The latest pension tax relief rumours

Post by Mearns & Company in News

There have been more press reports that the Chancellor will reform tax relief for pension contributions in his March Budget.

In last July’s Budget the Chancellor launched a consultation on ‘tax incentivised saving’. It was a curious sort of consultation, in as much as it dwelt largely on the tax cost of the existing pension system but made few proposals about how it could be reformed. The expectation was that we would see more detail alongside the Autumn Statement. In fact, all we learned in November was that an answer would have to await next month’s Budget.
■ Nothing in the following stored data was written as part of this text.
(* Fix $L>0$. There exists $C>0$ such that for all $u^0\in H^6(0,L)$ with $u^0,Pu^0,P^2u^0\in\mathrm{Dom}(P)$, all $\delta t\in(0,1)$ and $J\ge2$ with $\delta t/\delta x^2\le1/2$, and all $n\ge1$, $$\Big\|\delta t\sum_{k=0}^{n-1}(\mathrm{Id}+\delta t\,\mathsf P_\delta)^{n-1-k}\,\delta x^2\,\mathcal L^2_\delta u(k\delta t,\cdot)\Big\|_{\ell^2}\le C\,\delta x^2\sum_{p=1}^\infty|\alpha_p|p^4,$$ where $u$ is the solution of $\partial_tu=Pu$, $u(0)=u^0$.
   Context: $P=\partial_x^2$ with homogeneous Neumann conditions on $(0,L)$, $\mathrm{Dom}(P)=\{u\in L^2:\partial_x^2u\in L^2,\ \partial_xu(0)=\partial_xu(L)=0\}$; $c_0=1$, $c_p(x)=\sqrt2\cos(p\pi x/L)$, $\alpha_p=\frac1L\int_0^Lu^0c_p\,dx$, $u(t)=\sum_{p\ge0}\alpha_pe^{-p^2\pi^2t/L^2}c_p$. For $J\ge2$: $\delta x=L/(J-1)$, $x_j=j\delta x$, $\|\mathsf v\|_{\ell^2}^2=\frac1J\sum_j\mathsf v_j^2$, $\mathsf P_\delta=\frac1{\delta x^2}\times$ the tridiagonal $J\times J$ matrix with diagonal $(-1,-2,\dots,-2,-1)$ and off-diagonals $1$. For smooth $w$, $\mathcal L^2_\delta w\in\mathbb R^J$ has first and last entries $0$ and, for $1\le j\le J-2$, $j$-th entry $\frac16\Big(\int_0^1(1-\sigma)^3\partial_x^4w(x_j+\sigma\delta x)\,d\sigma+\int_0^1(\sigma-1)^3\partial_x^4w(x_j-\sigma\delta x)\,d\sigma\Big)$. *)

theory Defs
  imports "HOL-Analysis.Analysis"
begin

text \<open>Sobolev-type regularity on (0,L): D 0 is a continuous representative of f
  (equal to f almost everywhere on [0,L]), D k are the classical derivatives of
  order k < 6 on [0,L], D 5 is absolutely continuous with derivative D 6 in L^2(0,L).\<close>
definition sobolev6_reps :: "real \<Rightarrow> (real \<Rightarrow> real) \<Rightarrow> (nat \<Rightarrow> real \<Rightarrow> real) \<Rightarrow> bool" where
  "sobolev6_reps L f D \<longleftrightarrow>
     (AE x in lebesgue. x \<in> {0..L} \<longrightarrow> f x = D 0 x) \<and>
     (\<forall>k<5. \<forall>x\<in>{0..L}. (D k has_real_derivative D (Suc k) x) (at x within {0..L})) \<and>
     set_integrable lebesgue {0..L} (D 6) \<and>
     set_integrable lebesgue {0..L} (\<lambda>x. (D 6 x)^2) \<and>
     (\<forall>x\<in>{0..L}. D 5 x = D 5 0 + (\<integral>y\<in>{0..x}. D 6 y \<partial>lebesgue))"

definition H6 :: "real \<Rightarrow> (real \<Rightarrow> real) \<Rightarrow> bool" where
  "H6 L f \<longleftrightarrow> (\<exists>D. sobolev6_reps L f D)"

text \<open>u, P u, P^2 u all lie in Dom(P) (for u in H^6): Neumann conditions on the
  first, third and fifth derivatives.\<close>
definition iter_dom_P :: "real \<Rightarrow> (real \<Rightarrow> real) \<Rightarrow> bool" where
  "iter_dom_P L f \<longleftrightarrow> (\<exists>D. sobolev6_reps L f D \<and>
      D 1 0 = 0 \<and> D 1 L = 0 \<and> D 3 0 = 0 \<and> D 3 L = 0 \<and> D 5 0 = 0 \<and> D 5 L = 0)"

definition cfun :: "real \<Rightarrow> nat \<Rightarrow> real \<Rightarrow> real" where
  "cfun L p x = (if p = 0 then 1 else sqrt 2 * cos (real p * pi * x / L))"

definition alpha :: "real \<Rightarrow> (real \<Rightarrow> real) \<Rightarrow> nat \<Rightarrow> real" where
  "alpha L u0 p = (1 / L) * (\<integral>x\<in>{0..L}. u0 x * cfun L p x \<partial>lebesgue)"

definition heat_sol :: "real \<Rightarrow> (real \<Rightarrow> real) \<Rightarrow> real \<Rightarrow> real \<Rightarrow> real" where
  "heat_sol L u0 t x = (\<Sum>p. alpha L u0 p * exp (- ((real p)^2 * pi^2 * t / L^2)) * cfun L p x)"

text \<open>Vectors of R^J are functions nat => real, indices 0..J-1.\<close>
definition l2norm :: "nat \<Rightarrow> (nat \<Rightarrow> real) \<Rightarrow> real" where
  "l2norm J v = sqrt ((1 / real J) * (\<Sum>j<J. (v j)^2))"

definition Pdelta :: "nat \<Rightarrow> real \<Rightarrow> (nat \<Rightarrow> real) \<Rightarrow> nat \<Rightarrow> real" where
  "Pdelta J dx v j =
     (if j = 0 then v 1 - v 0
      else if j = J - 1 then v (J - 2) - v (J - 1)
      else v (j - 1) - 2 * v j + v (j + 1)) / dx^2"

definition scheme_step :: "nat \<Rightarrow> real \<Rightarrow> real \<Rightarrow> (nat \<Rightarrow> real) \<Rightarrow> nat \<Rightarrow> real" where
  "scheme_step J dx dt v j = v j + dt * Pdelta J dx v j"

definition L2delta :: "nat \<Rightarrow> real \<Rightarrow> (real \<Rightarrow> real) \<Rightarrow> nat \<Rightarrow> real" where
  "L2delta J dx w j =
     (if 1 \<le> j \<and> j \<le> J - 2 then
        (1 / 6) * ((LBINT s=0..1. (1 - s)^3 * (deriv ^^ 4) w (real j * dx + s * dx))
                 + (LBINT s=0..1. (s - 1)^3 * (deriv ^^ 4) w (real j * dx - s * dx)))
      else 0)"

end

theory Submission
  imports Defs
begin

text \<open>The explicit scheme \<open>Id + dt Pdelta\<close> is an \<open>\<ell>\<^sup>2\<close>-contraction under the CFL condition
  (summation by parts), so the \<open>k\<close>-th term of the sum is bounded by
  \<open>dx\<^sup>2 \<parallel>L2delta u(k dt)\<parallel> \<le> dx\<^sup>2 sup \<bar>\<partial>\<^sub>x\<^sup>4 u(k dt)\<bar> / 3\<close>. Differentiating the cosine series
  of \<open>u\<close> termwise gives \<open>sup \<bar>\<partial>\<^sub>x\<^sup>4 u(t)\<bar> \<le> \<surd>2 (\<pi>/L)\<^sup>4 \<Sum>\<^sub>p \<bar>\<alpha>\<^sub>p\<bar> p\<^sup>4 exp(-p\<^sup>2\<pi>\<^sup>2t/L\<^sup>2)\<close>, and
  summing in time each mode \<open>p \<ge> 1\<close> contributes at most \<open>(1 + L\<^sup>2/\<pi>\<^sup>2) \<bar>\<alpha>\<^sub>p\<bar> p\<^sup>4\<close>
  (a geometric series). Termwise differentiation needs \<open>\<Sum>\<^sub>p \<bar>\<alpha>\<^sub>p\<bar> p\<^sup>4 < \<infinity>\<close>, which follows from
  \<open>\<alpha>\<^sub>p = O(p\<^sup>-\<^sup>6)\<close>: six integrations by parts, the boundary terms vanishing by the Neumann
  conditions on \<open>u\<^sup>0\<close>, \<open>P u\<^sup>0\<close>, \<open>P\<^sup>2 u\<^sup>0\<close>.\<close>

section \<open>Decay of the cosine coefficients\<close>

lemma sigma_finite_lebesgue: "sigma_finite_measure (lebesgue :: real measure)"
proof -
  obtain A :: "real set set" where "countable A" "A \<subseteq> sets lborel" "\<Union>A = space lborel"
    "\<forall>a\<in>A. emeasure lborel a \<noteq> \<infinity>"
    using sigma_finite_lborel unfolding sigma_finite_measure_def by blast
  then show ?thesis
    unfolding sigma_finite_measure_def by (intro exI[of _ A]) (auto simp: emeasure_completion)
qed
lemma connected_closed_complement_components:
  assumes X: "connected X" and Y: "closed Y" and XYO: "X = Y \<union> Z" "Y \<inter> Z = {}"
    and fin: "finite (components Z)"
    and bd: "\<And>V. V \<in> components Z \<Longrightarrow> closure V - V \<subseteq> Y \<and> connected (closure V - V)"
  shows "connected Y"
proof (rule ccontr)
  \<comment> \<open>each component of Z joins the side of a separation of Y containing its connected frontier;
    this would separate X\<close>
  assume "\<not> connected Y"
  then obtain A0 B0 where "closed A0" "closed B0" "Y \<subseteq> A0 \<union> B0" "A0 \<inter> B0 \<inter> Y = {}"
    "A0 \<inter> Y \<noteq> {}" "B0 \<inter> Y \<noteq> {}"
    unfolding connected_closed by blast
  then obtain A B where AB: "closed A" "closed B" "Y = A \<union> B" "A \<inter> B = {}" "A \<noteq> {}" "B \<noteq> {}"
    using Y by (intro that[of "A0 \<inter> Y" "B0 \<inter> Y"]) auto
  define VA where "VA = {V \<in> components Z. closure V - V \<subseteq> A}"
  define VB where "VB = {V \<in> components Z. \<not> closure V - V \<subseteq> A}"
  have VB: "closure V - V \<subseteq> B" if "V \<in> VB" for V
  proof -
    have V: "V \<in> components Z"
      using that by (simp add: VB_def)
    have "closure V - V \<subseteq> A \<or> closure V - V \<subseteq> B"
      using bd[OF V] AB unfolding connected_closed by blast
    then show ?thesis
      using that by (simp add: VB_def)
  qed
  define SA where "SA = A \<union> \<Union>(closure ` VA)"
  define SB where "SB = B \<union> \<Union>(closure ` VB)"
  have "finite VA" "finite VB"
    using fin by (auto simp: VA_def VB_def)
  then have "closed SA" "closed SB"
    using AB by (auto simp: SA_def SB_def intro!: closed_Union)
  moreover have "X \<subseteq> SA \<union> SB"
  proof
    fix x assume "x \<in> X"
    show "x \<in> SA \<union> SB"
    proof (cases "x \<in> Z")
      case True
      then have "connected_component_set Z x \<in> components Z" "x \<in> closure (connected_component_set Z x)"
        by (auto simp: components_def intro: closure_subset[THEN subsetD])
      then show ?thesis
        by (auto simp: SA_def SB_def VA_def VB_def)
    qed (use \<open>x \<in> X\<close> XYO AB in \<open>auto simp: SA_def SB_def\<close>)
  qed
  moreover have "SA \<inter> SB = {}"
  proof -
    have "SA \<subseteq> A \<union> \<Union>VA" "SB \<subseteq> B \<union> \<Union>VB"
      using VB by (auto simp: SA_def SB_def VA_def)
    moreover have "\<Union>VA \<inter> \<Union>VB = {}"
      using components_nonoverlap by (fastforce simp: VA_def VB_def)
    moreover have "\<Union>VA \<subseteq> Z" "\<Union>VB \<subseteq> Z"
      by (auto simp: VA_def VB_def dest: in_components_subset)
    ultimately show ?thesis
      using XYO AB by blast
  qed
  moreover have "SA \<inter> X \<noteq> {}" "SB \<inter> X \<noteq> {}"
    using AB XYO by (auto simp: SA_def SB_def)
  ultimately show False
    using X unfolding connected_closed by blast
qed

lemma connected_frontier_simply_connected_S2:
  assumes V: "openin (top_of_set S2) V" "simply_connected V" and p: "p \<in> S2" "p \<notin> closure V"
  shows "connected (closure V - V)"
proof -
  \<comment> \<open>in the plane S2 - {p}, V becomes a bounded simply connected domain\<close>
  obtain h :: "real^3 \<Rightarrow> complex" and k where hk: "homeomorphism (S2 - {p}) UNIV h k"
    using homeomorphism_S2_minus_point[OF p(1)] by blast
  have clV: "closure V \<subseteq> S2 - {p}"
    using closure_subset_S2[OF openin_imp_subset[OF V(1)]] p(2) by blast
  then have Vp: "V \<subseteq> S2 - {p}"
    using closure_subset by blast
  have "openin (top_of_set (S2 - {p})) V"
    using V(1) Vp by (rule openin_subset_trans) blast
  then have oV: "open (h ` V)"
    using homeomorphism_imp_open_map[OF hk] by (simp add: openin_open_trans)
  have "V homeomorphic h ` V"
    using homeomorphism_of_subsets[OF hk Vp, where T''="{}"] unfolding homeomorphic_def by auto
  then have sc: "simply_connected (h ` V)"
    using V(2) homeomorphic_simply_connected by blast
  have cpt: "compact (h ` closure V)"
    using compact_closure_subset_S2[OF openin_imp_subset[OF V(1)]]
      continuous_on_subset[OF homeomorphism_cont1[OF hk] clV] by (rule compact_continuous_image[rotated])
  have hcl: "closure (h ` V) = h ` closure V"
  proof
    show "closure (h ` V) \<subseteq> h ` closure V"
      using cpt
      by (intro closure_minimal compact_imp_closed image_mono closure_subset)
    show "h ` closure V \<subseteq> closure (h ` V)"
      using continuous_on_subset[OF homeomorphism_cont1[OF hk] clV]
      by (rule image_closure_subset[OF _ closed_closure closure_subset])
  qed
  have "bounded (h ` V)"
    using bounded_subset[OF compact_imp_bounded[OF cpt] image_mono[OF closure_subset]] .
  then have "connected (frontier (h ` V))"
    using simply_connected_eq_frontier_properties[OF oV] sc by metis
  moreover have "frontier (h ` V) = h ` (closure V - V)"
  proof -
    have "inj_on h (S2 - {p})"
      using homeomorphism_apply1[OF hk] by (metis inj_onI)
    then have "h ` (closure V - V) = h ` closure V - h ` V"
      using clV Vp by (intro inj_on_image_set_diff) auto
    then show ?thesis
      using interior_open[OF oV] hcl by (simp add: frontier_def)
  qed
  moreover have "k ` h ` (closure V - V) = closure V - V"
    using homeomorphism_apply1[OF hk] clV by (force simp: image_image)
  ultimately show ?thesis
    using connected_continuous_image[OF continuous_on_subset[OF homeomorphism_cont2[OF hk]]] by fastforce
qed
Inevitably rumours and speculation have now started to circulate about what Mr Osborne might do. The latest suggest that he has abandoned the idea of turning pensions into ISAs (i.e. no tax relief on contributions, but no tax on income). Instead the Treasury is reported to be considering a single flat rate of tax relief, irrespective of the contributor’s marginal income tax rate. The hints are that this might be set between 25% and 33%.

A rabbit popping out of a top hatSuch a change would be good news if you are a basic rate taxpayer, but not if you pay 40% or 45% tax. From the Chancellor’s viewpoint a flat rate approach to tax relief could save billions in tax relief while still benefiting the majority of people putting money into pensions: at present basic rate taxpayers make half of all pension contributions but receive only 30% of the pension tax relief given.

Whether or not this reform happens, the rumours are a reminder that now is the time to review your pension contributions. Even if the Chancellor pulls a “no change” rabbit out of the hat in March, he already has two cuts lined up for 6 April in the form of a 20% reduction to the lifetime allowance and a phased reduction in the annual allowance if you are a high earner.

The value of your investment can go down as well as up and you may not get back the full amount you invested. The value of tax reliefs depends on your individual circumstances. Tax laws can change. The Financial Conduct Authority does not regulate tax advice.